• _HOW TO COMPLETE THIS TASK_
From the entries, return every line where the string "fixes" shows up.

• _SUPPLIED INFORMATION_
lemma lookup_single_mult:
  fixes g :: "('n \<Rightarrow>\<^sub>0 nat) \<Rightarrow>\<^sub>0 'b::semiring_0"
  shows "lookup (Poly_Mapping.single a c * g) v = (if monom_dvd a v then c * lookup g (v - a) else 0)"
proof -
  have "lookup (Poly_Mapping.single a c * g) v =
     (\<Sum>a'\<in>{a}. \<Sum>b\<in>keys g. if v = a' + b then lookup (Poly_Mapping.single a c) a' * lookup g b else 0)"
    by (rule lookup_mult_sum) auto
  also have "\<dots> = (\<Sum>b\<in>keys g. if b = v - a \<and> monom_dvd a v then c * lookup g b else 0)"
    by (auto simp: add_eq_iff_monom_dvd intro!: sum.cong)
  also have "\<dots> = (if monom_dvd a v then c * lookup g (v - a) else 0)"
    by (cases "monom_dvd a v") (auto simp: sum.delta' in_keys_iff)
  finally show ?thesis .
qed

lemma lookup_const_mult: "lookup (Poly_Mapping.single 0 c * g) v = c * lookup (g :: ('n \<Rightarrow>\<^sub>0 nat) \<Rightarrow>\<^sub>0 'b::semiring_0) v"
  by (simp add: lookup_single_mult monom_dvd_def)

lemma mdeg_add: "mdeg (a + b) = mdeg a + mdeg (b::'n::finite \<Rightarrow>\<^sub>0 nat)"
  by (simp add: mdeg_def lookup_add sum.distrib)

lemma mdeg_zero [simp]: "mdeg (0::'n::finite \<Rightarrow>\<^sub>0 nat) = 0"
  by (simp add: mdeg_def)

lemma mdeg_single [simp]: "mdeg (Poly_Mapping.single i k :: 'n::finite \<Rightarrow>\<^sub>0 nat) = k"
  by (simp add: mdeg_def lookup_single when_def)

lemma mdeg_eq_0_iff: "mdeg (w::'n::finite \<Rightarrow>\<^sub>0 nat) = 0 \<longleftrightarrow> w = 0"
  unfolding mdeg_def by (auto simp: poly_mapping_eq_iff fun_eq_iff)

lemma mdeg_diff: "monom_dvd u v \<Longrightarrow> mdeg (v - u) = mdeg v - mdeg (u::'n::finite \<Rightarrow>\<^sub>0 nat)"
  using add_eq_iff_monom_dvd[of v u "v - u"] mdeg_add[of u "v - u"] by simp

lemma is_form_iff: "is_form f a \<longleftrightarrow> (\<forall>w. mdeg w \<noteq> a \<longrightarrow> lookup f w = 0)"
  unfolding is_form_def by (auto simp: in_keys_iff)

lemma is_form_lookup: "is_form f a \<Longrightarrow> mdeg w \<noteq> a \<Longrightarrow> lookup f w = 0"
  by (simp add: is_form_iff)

==

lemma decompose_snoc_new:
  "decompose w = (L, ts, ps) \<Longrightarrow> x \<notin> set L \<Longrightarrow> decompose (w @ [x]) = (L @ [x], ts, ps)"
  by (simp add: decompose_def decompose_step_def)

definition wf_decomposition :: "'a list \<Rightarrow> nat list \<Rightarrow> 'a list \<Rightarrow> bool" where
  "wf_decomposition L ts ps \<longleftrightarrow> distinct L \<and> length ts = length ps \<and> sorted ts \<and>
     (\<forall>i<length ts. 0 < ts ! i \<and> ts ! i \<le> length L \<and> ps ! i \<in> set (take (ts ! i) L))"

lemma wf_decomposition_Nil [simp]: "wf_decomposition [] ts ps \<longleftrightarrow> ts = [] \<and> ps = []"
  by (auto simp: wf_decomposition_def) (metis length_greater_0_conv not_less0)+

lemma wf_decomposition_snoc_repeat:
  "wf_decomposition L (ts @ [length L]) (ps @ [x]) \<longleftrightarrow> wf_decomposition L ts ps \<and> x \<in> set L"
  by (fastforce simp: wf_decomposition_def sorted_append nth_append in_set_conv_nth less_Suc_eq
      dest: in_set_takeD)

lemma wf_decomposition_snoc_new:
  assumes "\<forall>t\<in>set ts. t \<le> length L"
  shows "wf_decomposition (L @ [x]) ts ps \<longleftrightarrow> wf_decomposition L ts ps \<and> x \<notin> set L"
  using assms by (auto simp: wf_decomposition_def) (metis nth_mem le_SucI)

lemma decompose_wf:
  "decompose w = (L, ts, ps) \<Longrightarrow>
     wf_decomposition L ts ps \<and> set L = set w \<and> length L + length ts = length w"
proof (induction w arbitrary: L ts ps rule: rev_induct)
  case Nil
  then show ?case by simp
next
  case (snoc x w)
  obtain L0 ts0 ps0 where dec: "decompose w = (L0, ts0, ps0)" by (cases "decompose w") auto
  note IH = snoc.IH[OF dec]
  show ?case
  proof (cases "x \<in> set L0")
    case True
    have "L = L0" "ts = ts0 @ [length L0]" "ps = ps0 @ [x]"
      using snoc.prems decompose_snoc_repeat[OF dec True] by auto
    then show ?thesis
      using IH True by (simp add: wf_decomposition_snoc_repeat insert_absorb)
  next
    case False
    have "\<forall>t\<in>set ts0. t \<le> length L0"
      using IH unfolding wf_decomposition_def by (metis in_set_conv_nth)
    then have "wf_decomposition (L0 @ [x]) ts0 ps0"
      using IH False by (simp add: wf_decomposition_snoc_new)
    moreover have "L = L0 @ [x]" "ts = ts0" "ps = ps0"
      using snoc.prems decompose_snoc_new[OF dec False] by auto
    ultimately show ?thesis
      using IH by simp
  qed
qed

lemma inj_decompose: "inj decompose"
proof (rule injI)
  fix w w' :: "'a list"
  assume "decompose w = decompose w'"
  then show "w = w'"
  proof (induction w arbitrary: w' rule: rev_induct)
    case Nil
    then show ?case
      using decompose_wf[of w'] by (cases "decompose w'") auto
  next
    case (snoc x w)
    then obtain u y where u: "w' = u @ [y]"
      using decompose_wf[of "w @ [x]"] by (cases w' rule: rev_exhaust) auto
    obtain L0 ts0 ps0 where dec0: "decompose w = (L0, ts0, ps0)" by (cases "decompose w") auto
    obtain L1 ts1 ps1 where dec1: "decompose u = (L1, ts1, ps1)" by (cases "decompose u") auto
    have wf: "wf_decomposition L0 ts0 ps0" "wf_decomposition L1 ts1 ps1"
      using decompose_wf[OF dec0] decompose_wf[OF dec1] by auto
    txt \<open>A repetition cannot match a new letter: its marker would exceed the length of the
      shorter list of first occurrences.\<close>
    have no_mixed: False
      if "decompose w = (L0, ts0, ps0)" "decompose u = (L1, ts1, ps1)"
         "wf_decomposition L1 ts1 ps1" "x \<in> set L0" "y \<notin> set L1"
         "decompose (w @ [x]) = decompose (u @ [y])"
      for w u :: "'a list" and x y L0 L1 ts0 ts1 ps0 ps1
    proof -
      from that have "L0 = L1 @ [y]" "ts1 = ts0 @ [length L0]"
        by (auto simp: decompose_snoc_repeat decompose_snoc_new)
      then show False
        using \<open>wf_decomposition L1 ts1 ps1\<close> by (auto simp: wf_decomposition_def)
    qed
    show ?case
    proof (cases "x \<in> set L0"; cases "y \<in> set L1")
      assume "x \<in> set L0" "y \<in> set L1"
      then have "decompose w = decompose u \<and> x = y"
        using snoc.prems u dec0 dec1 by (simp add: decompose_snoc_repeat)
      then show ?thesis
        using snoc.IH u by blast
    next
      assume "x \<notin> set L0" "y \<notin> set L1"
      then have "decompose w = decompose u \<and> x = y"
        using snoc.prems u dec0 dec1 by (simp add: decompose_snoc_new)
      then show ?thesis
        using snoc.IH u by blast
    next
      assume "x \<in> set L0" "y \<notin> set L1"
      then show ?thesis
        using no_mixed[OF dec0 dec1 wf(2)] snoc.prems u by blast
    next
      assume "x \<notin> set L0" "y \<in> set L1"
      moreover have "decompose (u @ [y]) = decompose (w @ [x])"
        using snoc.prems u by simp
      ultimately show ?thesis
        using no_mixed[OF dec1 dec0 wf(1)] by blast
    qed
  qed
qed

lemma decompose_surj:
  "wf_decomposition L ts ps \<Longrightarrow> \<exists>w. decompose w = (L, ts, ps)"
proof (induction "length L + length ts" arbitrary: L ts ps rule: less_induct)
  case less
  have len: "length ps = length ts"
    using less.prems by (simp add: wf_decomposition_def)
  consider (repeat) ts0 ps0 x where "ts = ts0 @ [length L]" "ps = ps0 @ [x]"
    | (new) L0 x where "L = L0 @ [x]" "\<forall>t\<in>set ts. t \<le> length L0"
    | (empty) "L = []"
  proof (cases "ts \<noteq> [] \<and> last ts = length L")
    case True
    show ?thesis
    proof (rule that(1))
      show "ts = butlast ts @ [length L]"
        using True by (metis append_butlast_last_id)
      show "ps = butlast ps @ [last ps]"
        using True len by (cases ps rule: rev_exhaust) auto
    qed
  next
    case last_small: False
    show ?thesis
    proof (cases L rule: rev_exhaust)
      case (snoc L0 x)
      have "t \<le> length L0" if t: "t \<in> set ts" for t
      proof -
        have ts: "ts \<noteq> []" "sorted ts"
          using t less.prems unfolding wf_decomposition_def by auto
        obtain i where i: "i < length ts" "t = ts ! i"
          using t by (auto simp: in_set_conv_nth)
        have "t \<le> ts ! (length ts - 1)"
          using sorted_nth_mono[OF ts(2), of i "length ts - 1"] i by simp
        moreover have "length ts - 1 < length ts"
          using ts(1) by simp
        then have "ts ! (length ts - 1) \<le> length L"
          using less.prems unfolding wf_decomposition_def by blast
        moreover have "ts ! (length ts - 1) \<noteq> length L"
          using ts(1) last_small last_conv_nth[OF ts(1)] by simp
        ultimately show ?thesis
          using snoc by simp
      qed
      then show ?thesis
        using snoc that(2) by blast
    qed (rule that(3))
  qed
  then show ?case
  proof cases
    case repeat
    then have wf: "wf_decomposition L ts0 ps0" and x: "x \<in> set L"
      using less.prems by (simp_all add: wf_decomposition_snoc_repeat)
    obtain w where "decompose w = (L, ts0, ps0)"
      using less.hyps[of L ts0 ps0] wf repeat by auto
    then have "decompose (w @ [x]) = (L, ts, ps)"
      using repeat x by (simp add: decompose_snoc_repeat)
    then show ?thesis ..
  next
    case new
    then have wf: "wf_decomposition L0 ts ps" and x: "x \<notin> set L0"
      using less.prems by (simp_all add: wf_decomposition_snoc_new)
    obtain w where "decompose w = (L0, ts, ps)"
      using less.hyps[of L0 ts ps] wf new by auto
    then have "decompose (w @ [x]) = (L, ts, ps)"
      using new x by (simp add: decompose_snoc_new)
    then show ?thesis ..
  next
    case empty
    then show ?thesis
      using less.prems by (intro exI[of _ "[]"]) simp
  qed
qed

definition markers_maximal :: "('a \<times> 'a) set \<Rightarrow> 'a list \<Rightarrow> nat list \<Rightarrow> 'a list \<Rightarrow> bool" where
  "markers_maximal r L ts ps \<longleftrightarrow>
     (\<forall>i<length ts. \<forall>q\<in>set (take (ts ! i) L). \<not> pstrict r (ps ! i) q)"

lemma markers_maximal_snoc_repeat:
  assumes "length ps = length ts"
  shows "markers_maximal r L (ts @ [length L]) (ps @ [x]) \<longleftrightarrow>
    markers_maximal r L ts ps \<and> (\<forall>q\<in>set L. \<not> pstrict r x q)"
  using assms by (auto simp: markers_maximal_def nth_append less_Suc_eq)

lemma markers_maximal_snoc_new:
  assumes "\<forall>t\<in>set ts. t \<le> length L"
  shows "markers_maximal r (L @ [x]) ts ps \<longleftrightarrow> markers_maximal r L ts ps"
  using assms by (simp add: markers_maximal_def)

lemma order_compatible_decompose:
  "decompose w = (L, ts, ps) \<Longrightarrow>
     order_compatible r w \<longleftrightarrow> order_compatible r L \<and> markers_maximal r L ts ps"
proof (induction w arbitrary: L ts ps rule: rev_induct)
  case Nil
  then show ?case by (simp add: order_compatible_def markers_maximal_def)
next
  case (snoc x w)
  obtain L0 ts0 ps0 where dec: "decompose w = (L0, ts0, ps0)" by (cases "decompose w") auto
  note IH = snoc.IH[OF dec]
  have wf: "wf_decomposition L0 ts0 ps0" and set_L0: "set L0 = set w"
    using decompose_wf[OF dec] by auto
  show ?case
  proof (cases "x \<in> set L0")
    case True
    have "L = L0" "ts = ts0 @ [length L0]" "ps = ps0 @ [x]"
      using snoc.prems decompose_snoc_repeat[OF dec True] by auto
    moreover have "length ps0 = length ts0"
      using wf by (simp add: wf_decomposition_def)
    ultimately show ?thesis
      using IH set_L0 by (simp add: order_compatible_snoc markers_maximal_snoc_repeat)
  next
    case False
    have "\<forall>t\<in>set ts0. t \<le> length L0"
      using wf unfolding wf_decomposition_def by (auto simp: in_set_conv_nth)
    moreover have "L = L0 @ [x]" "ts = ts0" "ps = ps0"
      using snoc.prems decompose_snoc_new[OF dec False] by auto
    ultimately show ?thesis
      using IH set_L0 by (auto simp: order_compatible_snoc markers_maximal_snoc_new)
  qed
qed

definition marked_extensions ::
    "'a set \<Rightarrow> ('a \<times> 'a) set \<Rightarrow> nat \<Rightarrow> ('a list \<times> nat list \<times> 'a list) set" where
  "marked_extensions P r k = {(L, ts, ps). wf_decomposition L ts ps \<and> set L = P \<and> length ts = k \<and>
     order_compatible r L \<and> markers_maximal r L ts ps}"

==

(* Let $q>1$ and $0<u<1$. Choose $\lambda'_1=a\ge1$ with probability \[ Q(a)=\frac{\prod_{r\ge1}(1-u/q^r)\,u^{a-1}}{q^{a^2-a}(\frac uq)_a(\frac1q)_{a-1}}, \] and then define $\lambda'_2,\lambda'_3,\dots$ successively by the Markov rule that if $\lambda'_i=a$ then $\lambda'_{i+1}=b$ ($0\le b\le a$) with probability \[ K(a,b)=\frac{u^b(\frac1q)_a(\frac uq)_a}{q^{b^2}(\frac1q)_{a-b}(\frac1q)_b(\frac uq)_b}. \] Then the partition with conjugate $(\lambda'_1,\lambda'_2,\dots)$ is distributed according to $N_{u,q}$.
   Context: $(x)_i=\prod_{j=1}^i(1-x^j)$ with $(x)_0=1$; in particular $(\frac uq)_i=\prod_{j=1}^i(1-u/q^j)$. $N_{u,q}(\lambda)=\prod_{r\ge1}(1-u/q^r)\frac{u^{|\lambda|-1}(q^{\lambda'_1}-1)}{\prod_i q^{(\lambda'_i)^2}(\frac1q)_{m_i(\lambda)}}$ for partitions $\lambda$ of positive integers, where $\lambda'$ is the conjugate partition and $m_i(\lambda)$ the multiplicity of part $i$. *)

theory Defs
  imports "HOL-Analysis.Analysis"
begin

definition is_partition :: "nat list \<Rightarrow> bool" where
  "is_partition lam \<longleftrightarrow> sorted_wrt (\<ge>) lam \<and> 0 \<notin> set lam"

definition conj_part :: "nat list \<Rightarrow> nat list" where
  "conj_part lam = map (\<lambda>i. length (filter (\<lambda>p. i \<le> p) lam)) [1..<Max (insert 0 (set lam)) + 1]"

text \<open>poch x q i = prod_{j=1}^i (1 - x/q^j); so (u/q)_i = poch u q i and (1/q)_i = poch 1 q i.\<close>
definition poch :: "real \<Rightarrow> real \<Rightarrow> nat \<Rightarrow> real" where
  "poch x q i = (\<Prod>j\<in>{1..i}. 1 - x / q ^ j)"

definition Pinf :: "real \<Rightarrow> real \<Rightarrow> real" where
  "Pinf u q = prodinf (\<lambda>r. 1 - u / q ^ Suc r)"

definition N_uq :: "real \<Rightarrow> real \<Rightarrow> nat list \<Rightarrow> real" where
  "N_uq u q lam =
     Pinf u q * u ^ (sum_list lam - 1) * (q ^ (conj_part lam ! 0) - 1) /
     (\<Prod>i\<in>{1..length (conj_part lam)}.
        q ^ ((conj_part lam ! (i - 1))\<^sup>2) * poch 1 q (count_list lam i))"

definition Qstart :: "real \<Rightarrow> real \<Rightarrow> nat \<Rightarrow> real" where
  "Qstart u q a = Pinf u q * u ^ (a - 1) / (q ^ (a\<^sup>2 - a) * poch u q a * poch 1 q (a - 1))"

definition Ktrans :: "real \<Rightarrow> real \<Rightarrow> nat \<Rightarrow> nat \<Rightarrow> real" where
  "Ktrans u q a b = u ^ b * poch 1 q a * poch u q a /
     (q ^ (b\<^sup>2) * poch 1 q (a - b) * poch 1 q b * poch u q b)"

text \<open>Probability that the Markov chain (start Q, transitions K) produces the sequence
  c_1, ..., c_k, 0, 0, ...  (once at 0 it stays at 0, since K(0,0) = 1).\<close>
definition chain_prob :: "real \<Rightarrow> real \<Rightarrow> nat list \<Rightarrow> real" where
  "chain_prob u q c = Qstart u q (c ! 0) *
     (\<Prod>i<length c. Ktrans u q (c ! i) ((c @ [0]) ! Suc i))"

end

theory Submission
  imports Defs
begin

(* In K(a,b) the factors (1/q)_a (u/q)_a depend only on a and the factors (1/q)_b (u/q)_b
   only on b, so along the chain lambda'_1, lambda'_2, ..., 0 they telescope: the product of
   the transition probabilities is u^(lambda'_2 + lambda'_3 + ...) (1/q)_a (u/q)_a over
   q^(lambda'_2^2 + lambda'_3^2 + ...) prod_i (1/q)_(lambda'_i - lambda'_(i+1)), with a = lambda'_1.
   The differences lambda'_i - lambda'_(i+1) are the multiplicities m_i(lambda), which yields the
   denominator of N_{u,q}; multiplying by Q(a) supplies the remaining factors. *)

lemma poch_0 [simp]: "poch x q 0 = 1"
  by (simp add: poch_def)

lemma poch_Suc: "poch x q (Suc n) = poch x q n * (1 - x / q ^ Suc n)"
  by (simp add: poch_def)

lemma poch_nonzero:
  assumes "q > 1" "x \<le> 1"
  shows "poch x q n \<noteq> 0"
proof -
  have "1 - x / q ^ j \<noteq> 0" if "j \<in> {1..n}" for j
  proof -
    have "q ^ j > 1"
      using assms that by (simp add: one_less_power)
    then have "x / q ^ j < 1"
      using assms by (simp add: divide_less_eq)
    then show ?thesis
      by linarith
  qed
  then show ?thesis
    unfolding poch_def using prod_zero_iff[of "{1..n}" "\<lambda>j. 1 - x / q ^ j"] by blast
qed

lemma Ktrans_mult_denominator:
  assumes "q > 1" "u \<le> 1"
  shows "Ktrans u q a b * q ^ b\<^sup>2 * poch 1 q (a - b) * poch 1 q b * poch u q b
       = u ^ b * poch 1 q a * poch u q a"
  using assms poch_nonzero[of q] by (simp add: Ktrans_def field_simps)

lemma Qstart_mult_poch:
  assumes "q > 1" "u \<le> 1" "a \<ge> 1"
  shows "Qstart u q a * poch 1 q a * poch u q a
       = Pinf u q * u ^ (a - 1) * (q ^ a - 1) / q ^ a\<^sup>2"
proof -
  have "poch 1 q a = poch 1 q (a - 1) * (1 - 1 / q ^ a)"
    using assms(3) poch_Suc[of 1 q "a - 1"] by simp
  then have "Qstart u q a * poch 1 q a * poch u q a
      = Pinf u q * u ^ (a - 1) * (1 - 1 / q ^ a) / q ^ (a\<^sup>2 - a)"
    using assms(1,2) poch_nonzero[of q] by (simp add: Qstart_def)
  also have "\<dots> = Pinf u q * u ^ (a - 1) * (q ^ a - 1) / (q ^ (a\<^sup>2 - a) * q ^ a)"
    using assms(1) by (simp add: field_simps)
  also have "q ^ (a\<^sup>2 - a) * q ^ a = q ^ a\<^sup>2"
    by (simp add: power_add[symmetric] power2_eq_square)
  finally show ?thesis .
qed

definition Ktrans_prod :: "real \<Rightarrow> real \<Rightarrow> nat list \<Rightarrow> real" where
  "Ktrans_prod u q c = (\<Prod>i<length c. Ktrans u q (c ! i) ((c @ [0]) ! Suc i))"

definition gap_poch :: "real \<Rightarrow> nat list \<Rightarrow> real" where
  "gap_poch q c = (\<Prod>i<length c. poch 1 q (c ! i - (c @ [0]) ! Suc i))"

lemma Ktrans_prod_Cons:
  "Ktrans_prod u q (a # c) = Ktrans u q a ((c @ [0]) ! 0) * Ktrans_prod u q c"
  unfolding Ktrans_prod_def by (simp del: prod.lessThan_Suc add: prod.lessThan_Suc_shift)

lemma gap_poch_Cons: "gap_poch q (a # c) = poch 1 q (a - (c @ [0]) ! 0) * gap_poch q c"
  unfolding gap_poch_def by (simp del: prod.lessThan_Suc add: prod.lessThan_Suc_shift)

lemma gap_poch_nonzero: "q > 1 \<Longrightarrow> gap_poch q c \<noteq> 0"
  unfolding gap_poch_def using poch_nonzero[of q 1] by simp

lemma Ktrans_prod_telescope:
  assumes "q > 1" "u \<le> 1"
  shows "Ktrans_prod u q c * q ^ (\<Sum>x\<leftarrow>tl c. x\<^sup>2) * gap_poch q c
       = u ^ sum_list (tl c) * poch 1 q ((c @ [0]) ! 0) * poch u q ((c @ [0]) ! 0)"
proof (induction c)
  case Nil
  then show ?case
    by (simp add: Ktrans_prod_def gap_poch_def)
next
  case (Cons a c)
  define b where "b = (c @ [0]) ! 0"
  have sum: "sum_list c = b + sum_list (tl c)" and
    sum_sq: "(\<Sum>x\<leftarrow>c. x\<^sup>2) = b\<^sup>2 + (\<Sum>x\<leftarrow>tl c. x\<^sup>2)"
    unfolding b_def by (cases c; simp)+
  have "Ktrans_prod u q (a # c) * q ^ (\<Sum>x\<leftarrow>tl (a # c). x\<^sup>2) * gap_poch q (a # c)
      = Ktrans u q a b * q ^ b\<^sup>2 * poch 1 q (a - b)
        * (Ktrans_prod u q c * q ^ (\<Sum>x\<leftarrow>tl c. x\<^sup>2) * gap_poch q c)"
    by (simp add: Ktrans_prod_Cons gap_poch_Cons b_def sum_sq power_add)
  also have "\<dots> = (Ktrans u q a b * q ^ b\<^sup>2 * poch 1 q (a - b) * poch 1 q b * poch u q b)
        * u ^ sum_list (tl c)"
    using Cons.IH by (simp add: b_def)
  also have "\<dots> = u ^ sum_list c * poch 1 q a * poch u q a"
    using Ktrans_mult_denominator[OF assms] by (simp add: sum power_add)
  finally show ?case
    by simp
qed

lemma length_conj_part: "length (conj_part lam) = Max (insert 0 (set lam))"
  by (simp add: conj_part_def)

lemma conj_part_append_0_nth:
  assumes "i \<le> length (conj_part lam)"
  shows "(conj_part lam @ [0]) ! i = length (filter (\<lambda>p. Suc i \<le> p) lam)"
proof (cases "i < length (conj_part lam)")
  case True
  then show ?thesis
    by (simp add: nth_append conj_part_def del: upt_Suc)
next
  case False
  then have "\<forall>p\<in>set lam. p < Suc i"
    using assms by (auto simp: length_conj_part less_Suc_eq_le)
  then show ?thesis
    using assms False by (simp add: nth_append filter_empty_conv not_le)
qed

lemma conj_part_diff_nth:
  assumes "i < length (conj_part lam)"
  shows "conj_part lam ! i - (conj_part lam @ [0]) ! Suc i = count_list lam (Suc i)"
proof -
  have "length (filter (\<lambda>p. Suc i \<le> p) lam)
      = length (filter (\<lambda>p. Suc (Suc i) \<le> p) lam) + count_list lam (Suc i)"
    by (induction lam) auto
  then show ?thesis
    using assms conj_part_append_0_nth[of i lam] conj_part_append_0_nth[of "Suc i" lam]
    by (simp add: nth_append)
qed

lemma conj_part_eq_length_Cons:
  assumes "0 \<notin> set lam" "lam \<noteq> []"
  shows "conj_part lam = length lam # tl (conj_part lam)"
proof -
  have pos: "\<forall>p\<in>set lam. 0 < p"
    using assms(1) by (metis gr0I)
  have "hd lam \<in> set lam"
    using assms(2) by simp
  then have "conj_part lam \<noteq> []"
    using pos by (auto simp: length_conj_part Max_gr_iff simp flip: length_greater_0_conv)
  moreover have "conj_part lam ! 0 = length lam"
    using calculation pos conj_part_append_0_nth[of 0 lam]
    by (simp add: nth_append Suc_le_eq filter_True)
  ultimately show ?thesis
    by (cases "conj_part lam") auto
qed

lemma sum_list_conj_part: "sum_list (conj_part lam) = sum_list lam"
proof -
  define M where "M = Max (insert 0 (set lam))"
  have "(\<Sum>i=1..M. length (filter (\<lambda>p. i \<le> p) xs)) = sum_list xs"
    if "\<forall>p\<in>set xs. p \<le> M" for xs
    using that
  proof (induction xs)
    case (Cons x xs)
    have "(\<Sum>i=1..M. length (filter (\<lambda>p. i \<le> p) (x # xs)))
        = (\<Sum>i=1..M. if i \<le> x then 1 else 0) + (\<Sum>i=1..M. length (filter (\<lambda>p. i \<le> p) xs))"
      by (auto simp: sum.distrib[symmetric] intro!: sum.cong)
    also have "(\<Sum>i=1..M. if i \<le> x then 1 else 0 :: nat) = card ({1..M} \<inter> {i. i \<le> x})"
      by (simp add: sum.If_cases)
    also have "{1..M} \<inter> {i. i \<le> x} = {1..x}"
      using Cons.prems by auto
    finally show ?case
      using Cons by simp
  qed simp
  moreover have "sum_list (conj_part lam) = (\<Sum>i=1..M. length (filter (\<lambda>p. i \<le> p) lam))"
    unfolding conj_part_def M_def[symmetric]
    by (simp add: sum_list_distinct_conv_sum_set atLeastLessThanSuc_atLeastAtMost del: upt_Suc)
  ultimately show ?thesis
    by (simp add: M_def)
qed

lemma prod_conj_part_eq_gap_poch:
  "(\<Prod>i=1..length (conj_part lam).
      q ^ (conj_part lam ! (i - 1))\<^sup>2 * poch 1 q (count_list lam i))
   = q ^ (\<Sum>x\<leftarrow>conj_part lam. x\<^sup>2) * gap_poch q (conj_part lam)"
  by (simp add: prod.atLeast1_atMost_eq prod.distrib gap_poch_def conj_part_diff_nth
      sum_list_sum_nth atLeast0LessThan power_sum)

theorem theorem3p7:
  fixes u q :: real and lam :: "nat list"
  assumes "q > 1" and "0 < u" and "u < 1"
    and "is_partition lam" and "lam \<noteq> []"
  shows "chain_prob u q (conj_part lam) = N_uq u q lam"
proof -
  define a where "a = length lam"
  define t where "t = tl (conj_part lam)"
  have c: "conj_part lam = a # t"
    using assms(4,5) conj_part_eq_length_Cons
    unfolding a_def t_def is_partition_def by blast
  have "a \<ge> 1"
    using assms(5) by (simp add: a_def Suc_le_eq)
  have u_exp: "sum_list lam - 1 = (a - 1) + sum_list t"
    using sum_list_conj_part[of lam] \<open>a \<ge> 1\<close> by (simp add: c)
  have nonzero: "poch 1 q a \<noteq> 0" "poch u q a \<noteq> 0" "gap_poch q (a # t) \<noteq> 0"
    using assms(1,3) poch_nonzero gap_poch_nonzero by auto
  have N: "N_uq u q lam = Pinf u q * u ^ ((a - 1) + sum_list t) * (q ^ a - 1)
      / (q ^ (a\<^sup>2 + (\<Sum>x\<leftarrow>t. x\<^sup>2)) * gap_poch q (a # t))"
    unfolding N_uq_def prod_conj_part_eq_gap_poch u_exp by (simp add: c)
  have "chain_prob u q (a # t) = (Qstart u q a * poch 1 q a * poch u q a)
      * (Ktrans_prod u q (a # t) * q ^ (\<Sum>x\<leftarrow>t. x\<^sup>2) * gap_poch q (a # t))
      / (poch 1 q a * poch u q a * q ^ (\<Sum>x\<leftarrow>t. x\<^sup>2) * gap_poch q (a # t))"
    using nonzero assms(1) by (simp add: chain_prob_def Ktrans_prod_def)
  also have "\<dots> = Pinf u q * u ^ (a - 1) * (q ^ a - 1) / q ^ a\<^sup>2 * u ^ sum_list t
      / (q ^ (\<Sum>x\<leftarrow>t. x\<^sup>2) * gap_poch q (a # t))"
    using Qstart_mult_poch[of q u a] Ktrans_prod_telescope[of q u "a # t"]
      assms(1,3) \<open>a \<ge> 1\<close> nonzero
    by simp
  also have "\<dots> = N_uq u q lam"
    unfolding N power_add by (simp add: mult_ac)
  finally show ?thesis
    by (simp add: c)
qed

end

• _FINAL ANSWER_
  fixes g :: "('n \<Rightarrow>\<^sub>0 nat) \<Rightarrow>\<^sub>0 'b::semiring_0"
  fixes u q :: real and lam :: "nat list"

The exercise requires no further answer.